By analyzing Gaia DR3 data to model the local stellar population around supernova remnant S147, the study identifies a high-mass progenitor range of $21.5M_{\odot}$to$41.1M_{\odot}$ for the supernova, based on the ages of the most luminous nearby stars including the unbound binary companion HD 37424.

The Gist

Imagine the night sky as a giant, cosmic crime scene. A star exploded long ago, leaving behind a glowing, expanding cloud of debris called a Supernova Remnant (SNR). In the center of this cloud, S147, sits a rapidly spinning "dead" star called a pulsar (PSR J0538+2817).

The big mystery astronomers have been trying to solve is: What kind of star exploded? Was it a lightweight star that barely made the cut, or a massive, heavyweight giant?

This paper is like a team of cosmic detectives using a new set of high-tech magnifying glasses (data from the Gaia satellite) to look at the neighborhood where the explosion happened. They aren't just looking at the crime scene; they are looking at the survivors and the neighbors to figure out who the victim was.

Here is the story of their investigation, broken down simply:

1. The "Runaway" Suspect

The first clue was a star named HD 37424. It's a bright, blue star that is currently flying away from the center of the explosion at high speed.

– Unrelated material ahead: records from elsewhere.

(* Let $A^{(n)}_k$ be Knuth's Faulhaber coefficients, defined by $$\sum_{n\ge1}\sum_{k=0}^{n-1}\frac{x^{2n}}{(2n)!}A^{(n)}_k y^{k}=\left(\frac{x\sqrt y}{2}\right)\frac{\cosh\!\left(\tfrac12 x\sqrt{y+4}\right)-\cosh\!\left(\tfrac12 x\sqrt y\right)}{\sinh\!\left(\tfrac12 x\sqrt y\right)}.$$ Then for all integers $n\ge k\ge1$, $$A^{(n+1)}_{n-k}=\frac{2(-1)^{n-k}\Gamma(2n+3)}{\Gamma(k+2)}\sum_{j=0}^{\lfloor (k-1)/2\rfloor}\frac{(-1)^{j}\Gamma(2k-2j)}{\Gamma(k-2j)\Gamma(2j+2)}\,\frac{\zeta(2n-2j)}{(2\pi)^{2n-2j}},$$ where $\zeta$ is the Riemann zeta function.
   Context: Equivalently, with the Gessel–Viennot normalization $f(n,k)=A^{(n+1)}_{n-k}/(n+1)$, the left side equals $(n+1)f(n,k)$. *)

theory Defs
  imports "HOL-Analysis.Analysis"
begin

text \<open>Right-hand side of the generating function, for fixed y > 0, as a function of x.
  (At x = 0 the HOL value is 0, which agrees with the removable value of the expression.)\<close>
definition faulhaber_gf :: "real \<Rightarrow> real \<Rightarrow> real" where
  "faulhaber_gf y x =
     (x * sqrt y / 2) *
     ((cosh (x * sqrt (y + 4) / 2) - cosh (x * sqrt y / 2)) / sinh (x * sqrt y / 2))"

definition faulhaber_A :: "nat \<Rightarrow> nat \<Rightarrow> real" where
  "faulhaber_A = (THE c. (\<forall>n k. n \<le> k \<longrightarrow> c n k = 0) \<and>
      (\<forall>y>0. \<exists>r>0. \<forall>x. \<bar>x\<bar> < r \<longrightarrow>
         (\<lambda>n. \<Sum>k<n. x ^ (2*n) / fact (2*n) * c n k * y ^ k) sums faulhaber_gf y x))"

text \<open>Riemann zeta function on real arguments s > 1 (only used there).\<close>
definition zeta_real :: "real \<Rightarrow> real" where
  "zeta_real s = (\<Sum>m. 1 / (real (Suc m)) powr s)"

end

(*
  Put X = x^2 and Y = y/4, and let S and C be the power series of sinh (sqrt X) / sqrt X and
  cosh (sqrt X). The generating function is (C ((Y + 1) X) - C (Y X)) / S (Y X), and Taylor's formula
  for C at Y X shows that A^(N)_K is (2N)! / ((N - K)! 4^K) times the K-th coefficient of C^(N-K) / S.

  Differentiating 4 X C'' + 2 C' = C gives a three-term recurrence for X^k C^(k+1), whence
  X^k C^(k+1) = P_k C + Q_k S with an explicit polynomial P_k and a polynomial Q_k of degree below k.
  Dividing by S, X^k C^(k+1) / S = P_k T + Q_k with T = C / S = sqrt X coth (sqrt X), and Q_k does
  not reach the coefficient in question.

  The reflection formula for the digamma function gives
  pi z cot (pi z) = 1 - z (psi (1 + z) - psi (1 - z)) = 1 - 2 sum_q zeta (2q + 2) z^(2q + 2),
  and the substitution z^2 = -X / pi^2 turns this into T_(q+1) = 2 (-1)^q zeta (2q + 2) / pi^(2q + 2).
*)

theory Submission
  imports Defs "HOL-Complex_Analysis.Complex_Analysis"
begin

section \<open>Substitutions and derivatives of formal power series\<close>

lemma fps_compose_monom_nth:
  fixes f :: "'a::comm_ring_1 fps"
  assumes "d > 0"
  shows "fps_nth (f oo (fps_const c * fps_X ^ d)) m =
    (if d dvd m then c ^ (m div d) * fps_nth f (m div d) else 0)"
proof -
  have "fps_nth (f oo (fps_const c * fps_X ^ d)) m = (\<Sum>i=0..m. fps_nth f i * (c ^ i * (if m = d * i then 1 else 0)))"
    by (simp add: fps_compose_nth power_mult_distrib fps_const_power flip: power_mult)
  also have "\<dots> = (\<Sum>i\<in>{0..m} \<inter> {i. m = d * i}. fps_nth f i * c ^ i)"
    by (auto simp: sum.inter_restrict intro!: sum.cong)
  also have "{0..m} \<inter> {i. m = d * i} = (if d dvd m then {m div d} else {})"
    using assms by (auto simp: dvd_def)
  finally show ?thesis by (auto simp: mult.commute)
qed

lemma fps_compose_X2_nth:
  fixes f :: "'a::comm_ring_1 fps"
  shows "fps_nth (f oo fps_X ^ 2) m = (if even m then fps_nth f (m div 2) else 0)"
  using fps_compose_monom_nth [of 2 f 1 m] by simp

lemma fps_compose_linear_compose:
  fixes f :: "'a::idom fps"
  assumes "d > 0"
  shows "(f oo (fps_const a * fps_X)) oo (fps_const b * fps_X ^ d) = f oo (fps_const (a * b) * fps_X ^ d)"
proof -
  have "(fps_const a * fps_X) oo (fps_const b * fps_X ^ d) = fps_const (a * b) * fps_X ^ d"
    using assms by (simp add: fps_const_mult_apply_left [symmetric] mult.assoc)
  moreover have "(f oo (fps_const a * fps_X)) oo (fps_const b * fps_X ^ d)
      = f oo ((fps_const a * fps_X) oo (fps_const b * fps_X ^ d))"
    by (rule fps_compose_assoc [symmetric]) (use assms in simp_all)
  ultimately show ?thesis
    by simp
qed

declare fps_nth_deriv.simps(2) [simp del]

lemma fps_nth_deriv_nth:
  fixes f :: "'a::field_char_0 fps"
  shows "fps_nth (fps_nth_deriv i f) n = fact (n + i) / fact n * fps_nth f (n + i)"
proof (induction i arbitrary: n)
  case (Suc i)
  have nz: "(of_nat (Suc n) :: 'a) \<noteq> 0"
    by (simp only: of_nat_eq_0_iff)
  have "fps_nth (fps_nth_deriv (Suc i) f) n = of_nat (Suc n) * fps_nth (fps_nth_deriv i f) (Suc n)"
    by (simp add: fps_nth_deriv_commute)
  also have "\<dots> = of_nat (Suc n) * (fact (Suc n + i) / (of_nat (Suc n) * fact n)) * fps_nth f (Suc n + i)"
    by (simp only: Suc fact_Suc mult.assoc)
  also have "\<dots> = fact (n + Suc i) / fact n * fps_nth f (n + Suc i)"
    using nz by simp
  finally show ?case .
qed simp

section \<open>The series of sinh and cosh at the square root\<close>

(* sinh (sqrt X) / sqrt X, cosh (sqrt X) and sqrt X * coth (sqrt X) *)
definition fps_sinhc_sqrt :: "'a::field_char_0 fps" where
  "fps_sinhc_sqrt = Abs_fps (\<lambda>p. 1 / fact (2 * p + 1))"

definition fps_cosh_sqrt :: "'a::field_char_0 fps" where
  "fps_cosh_sqrt = Abs_fps (\<lambda>p. 1 / fact (2 * p))"

definition fps_coth_sqrt :: "'a::field_char_0 fps" where
  "fps_coth_sqrt = fps_cosh_sqrt / fps_sinhc_sqrt"

lemma fps_sinhc_sqrt_nth [simp]: "fps_nth fps_sinhc_sqrt p = 1 / fact (2 * p + 1)"
  by (simp add: fps_sinhc_sqrt_def del: fact_Suc)

lemma fps_cosh_sqrt_nth [simp]: "fps_nth fps_cosh_sqrt p = 1 / fact (2 * p)"
  by (simp add: fps_cosh_sqrt_def)

lemma fps_sinhc_sqrt_nonzero: "fps_sinhc_sqrt \<noteq> 0"
proof -
  have "fps_nth (fps_sinhc_sqrt :: 'a fps) 0 \<noteq> 0"
    by simp
  then show ?thesis
    by (metis fps_zero_nth)
qed

lemma fps_div_sinhc_sqrt_mult: "f / fps_sinhc_sqrt * fps_sinhc_sqrt = f"
  by (simp add: fps_divide_unit mult.assoc inverse_mult_eq_1)

lemma fps_coth_sqrt_unique:
  assumes "f * fps_sinhc_sqrt = fps_cosh_sqrt"
  shows "f = fps_coth_sqrt"
  unfolding fps_coth_sqrt_def assms [symmetric]
  by (simp add: fps_sinhc_sqrt_nonzero)

lemma power_neg_square: "(- c\<^sup>2) ^ b = (-1) ^ b * (c :: 'a::comm_ring_1) ^ (2 * b)"
  by (metis mult_minus1 power_mult power_mult_distrib)

lemma fps_sin_eq_sinhc_sqrt:
  "fps_sin c = fps_const c * fps_X * (fps_sinhc_sqrt oo (fps_const (- c\<^sup>2) * fps_X ^ 2))"
proof (rule fps_ext)
  fix m
  show "fps_nth (fps_sin c) m = fps_nth (fps_const c * fps_X * (fps_sinhc_sqrt oo (fps_const (- c\<^sup>2) * fps_X ^ 2))) m"
  proof (cases m)
    case (Suc m')
    then show ?thesis
      by (cases "even m'")
         (auto simp: fps_sin_def mult.assoc fps_compose_monom_nth power_neg_square elim!: evenE
               simp del: fact_Suc)
  qed (simp add: fps_sin_def)
qed

lemma fps_cos_eq_cosh_sqrt:
  "fps_cos c = fps_cosh_sqrt oo (fps_const (- c\<^sup>2) * fps_X ^ 2)"
  by (rule fps_ext) (auto simp: fps_cos_def fps_compose_monom_nth power_neg_square elim!: evenE)

lemma fps_deriv_cosh_sqrt: "fps_deriv fps_cosh_sqrt = fps_const (1/2) * (fps_sinhc_sqrt :: real fps)"
  by (rule fps_ext) (simp add: divide_simps; simp add: algebra_simps)

lemma fps_cosh_sqrt_ode:
  "fps_X * fps_nth_deriv (m + 2) fps_cosh_sqrt =
     fps_const (1/4) * fps_nth_deriv m fps_cosh_sqrt
     - fps_const ((2 * real m + 1) / 2) * fps_nth_deriv (m + 1) (fps_cosh_sqrt :: real fps)"
proof (rule fps_ext)
  fix N
  show "fps_nth (fps_X * fps_nth_deriv (m + 2) fps_cosh_sqrt) N =
    fps_nth (fps_const (1/4) * fps_nth_deriv m fps_cosh_sqrt
     - fps_const ((2 * real m + 1) / 2) * fps_nth_deriv (m + 1) (fps_cosh_sqrt :: real fps)) N"
    by (cases N) (simp_all add: fps_nth_deriv_nth, simp_all add: divide_simps, simp_all add: algebra_simps)
qed

section \<open>Derivatives of cosh at the square root\<close>

definition cosh_part_coeff :: "nat \<Rightarrow> nat \<Rightarrow> real" where
  "cosh_part_coeff j q = (-1) ^ q * fact (2*j + 2*q + 1) / (4 ^ (j + q + 1) * fact q * fact (2*j + 1))"

definition cosh_part :: "nat \<Rightarrow> real fps" where
  "cosh_part k = Abs_fps (\<lambda>j. if 2*j < k then cosh_part_coeff j (k - 2*j - 1) else 0)"

fun sinh_part :: "nat \<Rightarrow> real fps" where
  "sinh_part 0 = fps_const (1/2)"
| "sinh_part (Suc 0) = fps_const (-1/4)"
| "sinh_part (Suc (Suc k)) =
     fps_const (1/4) * (fps_X * sinh_part k) - fps_const ((2 * real k + 3) / 2) * sinh_part (Suc k)"

lemma nth_deriv_cosh_sqrt_rec:
  "fps_X ^ (k+2) * fps_nth_deriv (k+3) fps_cosh_sqrt =
     fps_const (1/4) * (fps_X * (fps_X ^ k * fps_nth_deriv (k+1) fps_cosh_sqrt))
     - fps_const ((2 * real k + 3) / 2) * (fps_X ^ (k+1) * fps_nth_deriv (k+2) fps_cosh_sqrt)"
proof -
  have "fps_X ^ (k+2) * fps_nth_deriv (k+3) fps_cosh_sqrt
      = fps_X ^ (k+1) * (fps_X * fps_nth_deriv ((k+1) + 2) (fps_cosh_sqrt :: real fps))"
    by (simp add: mult.assoc numeral_3_eq_3)
  also have "\<dots> = fps_X ^ (k+1) * (fps_const (1/4) * fps_nth_deriv (k+1) fps_cosh_sqrt
     - fps_const ((2 * real (k+1) + 1) / 2) * fps_nth_deriv (k+2) fps_cosh_sqrt)"
    by (simp only: fps_cosh_sqrt_ode) (simp add: numeral_2_eq_2)
  finally show ?thesis
    by (simp add: algebra_simps)
qed

lemma cosh_part_rec:
  "cosh_part (k+2) = fps_const (1/4) * (fps_X * cosh_part k) - fps_const ((2 * real k + 3) / 2) * cosh_part (k+1)"
proof (rule fps_ext)
  have start: "cosh_part_coeff (Suc j) 0 = 1/4 * cosh_part_coeff j 0" for j
    unfolding cosh_part_coeff_def by (simp add: divide_simps; (simp add: algebra_simps)?)
  have edge: "cosh_part_coeff 0 (Suc q) = - ((2 * real q + 3) / 2 * cosh_part_coeff 0 q)" for q
    unfolding cosh_part_coeff_def by (simp add: divide_simps; (simp add: algebra_simps)?)
  have inner: "cosh_part_coeff (Suc j) (Suc q) =
      1/4 * cosh_part_coeff j (Suc q) - (2 * real (2 * (j+1) + q) + 3) / 2 * cosh_part_coeff (Suc j) q" for j q
    unfolding cosh_part_coeff_def by (simp add: divide_simps; (simp add: algebra_simps)?)
  fix j
  show "fps_nth (cosh_part (k+2)) j =
    fps_nth (fps_const (1/4) * (fps_X * cosh_part k) - fps_const ((2 * real k + 3) / 2) * cosh_part (k+1)) j"
  proof (cases "2*j < k + 2")
    case False then show ?thesis by (auto simp: cosh_part_def)
  next
    case True
    then have "2*j = k + 1 \<or> (\<exists>q. k = 2*j + q)"
      by presburger
    then show ?thesis
    proof (elim disjE exE)
      assume "2*j = k + 1"
      moreover from this obtain i where "j = Suc i"
        by (cases j) auto
      ultimately show ?thesis
        using start [of i] by (simp add: cosh_part_def)
    next
      fix q assume "k = 2*j + q"
      then show ?thesis
        using edge [of q] inner [of "j - 1" q] by (cases j) (simp_all add: cosh_part_def algebra_simps)
    qed
  qed
qed

lemma nth_deriv_cosh_sqrt_decomp:
  "fps_X ^ k * fps_nth_deriv (k+1) fps_cosh_sqrt = cosh_part k * fps_cosh_sqrt + sinh_part k * fps_sinhc_sqrt"
proof (induction k rule: sinh_part.induct)
  case 1
  have "cosh_part 0 = 0" by (rule fps_ext) (simp add: cosh_part_def)
  then show ?case by (simp add: fps_nth_deriv_commute fps_deriv_cosh_sqrt)
next
  case 2
  have "fps_X * fps_nth_deriv 2 fps_cosh_sqrt
      = fps_const (1/4) * fps_cosh_sqrt - fps_const (1/4) * (fps_sinhc_sqrt :: real fps)"
    using fps_cosh_sqrt_ode [of 0]
    by (simp add: numeral_2_eq_2 fps_nth_deriv_commute fps_deriv_cosh_sqrt flip: mult.assoc)
  moreover have "cosh_part 1 = fps_const (1/4)"
    by (rule fps_ext) (simp add: cosh_part_def cosh_part_coeff_def)
  ultimately show ?case
    by (simp add: algebra_simps numeral_2_eq_2 flip: fps_const_neg)
next
  case (3 k)
  let ?C = "fps_cosh_sqrt :: real fps" and ?S = "fps_sinhc_sqrt :: real fps"
  have "fps_X ^ (k+2) * fps_nth_deriv (k+3) ?C
      = fps_const (1/4) * (fps_X * (cosh_part k * ?C + sinh_part k * ?S))
        - fps_const ((2 * real k + 3) / 2) * (cosh_part (k+1) * ?C + sinh_part (k+1) * ?S)"
    unfolding nth_deriv_cosh_sqrt_rec using 3 by simp
  also have "\<dots> = cosh_part (k+2) * ?C + sinh_part (k+2) * ?S"
    unfolding cosh_part_rec by (simp add: algebra_simps)
  finally show ?case
    by (simp add: numeral_3_eq_3 numeral_2_eq_2)
qed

• The Analogy: Imagine a car crash where one car is totaled (the supernova) and the other car (HD 37424) is thrown off the road, speeding away.
• The Theory: Scientists believe these two stars were originally a couple, orbiting each other. When the heavier partner exploded, the explosion was so violent it blew the couple apart, sending the survivor flying. This makes HD 37424 the "unbound companion" of the star that died.

2. The Neighborhood Watch

To find out how big the dead star was, the astronomers didn't just look at the survivor. They looked at the entire neighborhood (a cylinder of space about 360 light-years long and 200 light-years wide) surrounding the explosion.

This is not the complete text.